A Catholic priest in Belarus on Monday was convicted on charges of high treason for criticizing the government and handed an 11-year sentence, in the first case of politically-driven charges against Catholic clergy since Belarus became independent in the 1991 collapse of the Soviet Union.
The conviction and sentencing of Rev. Henrykh Akalatovich comes as Belarusian authorities have intensified their sweeping crackdown on dissent ahead of the Jan. 26 presidential election that is all but certain to hand authoritarian President Alexander Lukashenko a seventh term in office.
The Viasna Human Rights Center said Akalatovich, 64, rejected the treason charges. The group has listed him among 1,265 political prisoners in the country. “For the first time since the fall of the Communist regime, a Catholic priest in Belarus was convicted on criminal charges that are leveled against political prisoners,” said Viasna's representative Pavel Sapelka. “The harsh sentence is intended to intimidate and silence hundreds of other priests ahead of January's presidential election.”.
Akalatovich, who has been in custody since November 2023, was diagnosed with cancer and underwent surgery just before his arrest.
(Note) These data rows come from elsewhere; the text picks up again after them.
definition theta_eqs :: "real \<Rightarrow> real \<Rightarrow> real \<Rightarrow> real \<Rightarrow> real \<Rightarrow> real \<Rightarrow> bool" where
  "theta_eqs k B aL aR tL tR \<longleftrightarrow>
     tL > 0 \<and> tR > 0 \<and>
     exp (- B * sqrt k * aR * tR) = 1 - tL \<and>
     exp (- (B / sqrt k) * aL * tL) = 1 - tR"

definition theta :: "real \<Rightarrow> real \<Rightarrow> real \<Rightarrow> real \<Rightarrow> real \<times> real" where
  "theta k B aL aR =
     (if sqrt (aL * aR) * B \<le> 1 then (0, 0)
      else (THE p. theta_eqs k B aL aR (fst p) (snd p)))"

definition F_map :: "real \<Rightarrow> real \<Rightarrow> real \<Rightarrow> real \<Rightarrow> real \<times> real" where
  "F_map k B aL aR =
     (let (tL, tR) = theta k B aL aR in ((1 + tL * aL) / 2, (1 + tR * aR) / 2))"

end

theory Submission
  imports Defs
begin

text \<open>
  Write \<open>sat a x = 1 - exp (-a x)\<close>, \<open>A = B \<surd>k \<alpha>\<^sub>R\<close> and \<open>C = B \<alpha>\<^sub>L / \<surd>k\<close>. The defining equations
  say \<open>\<theta>\<^sub>L = sat A \<theta>\<^sub>R\<close> and \<open>\<theta>\<^sub>R = sat C \<theta>\<^sub>L\<close>, so \<open>\<theta>\<^sub>L\<close> is a positive fixed point of
  \<open>G = sat A \<circ> sat C\<close>. With the chord slope \<open>c t = (1 - exp (-t)) / t\<close>, which is strictly
  decreasing on \<open>t > 0\<close>, one has \<open>G x = x \<cdot> A C c (A sat C x) c (C x)\<close>, and the factor after
  \<open>x\<close> is strictly decreasing in \<open>x\<close>. Hence the positive fixed point is unique (it exists
  when \<open>A C > 1\<close> by the intermediate value theorem) and \<open>G x < x\<close> beyond it. Since \<open>G\<close>
  increases with \<open>A\<close> and \<open>C\<close>, the fixed point, and with it \<open>F\<close>, is monotone in
  \<open>(\<alpha>\<^sub>L, \<alpha>\<^sub>R)\<close>. Finally \<open>G' x = A C exp (-C x) exp (-A sat C x)\<close> is smaller than the same
  expression with each \<open>exp (-t)\<close> replaced by \<open>c t\<close>, which equals 1 at the fixed point; at
  \<open>x = \<theta>\<^sub>L\<close> this is the inequality \<open>(1 - \<theta>\<^sub>L) (1 - \<theta>\<^sub>R) B\<^sup>2 \<alpha>\<^sub>L \<alpha>\<^sub>R < 1\<close>.
\<close>

definition exp_chord :: "real \<Rightarrow> real" where
  "exp_chord t = (1 - exp (-t)) / t"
The priest from the town of Valozhyn in western Belarus, who was critical of the government in his sermons, has been held incommunicado, with prison officials turning down warm clothing and food sent to him.
Arkatovich is among dozens of clergy — Catholic, Orthodox and Protestant — who have been jailed, silenced or forced into exile for protesting the 2020 election that gave Lukashenko a sixth term. The disputed vote that the opposition and the West said was marred with fraud triggered mass protests, to which the authorities responded with a sweeping crackdown that saw more than 65,000 arrested and thousands beaten by police.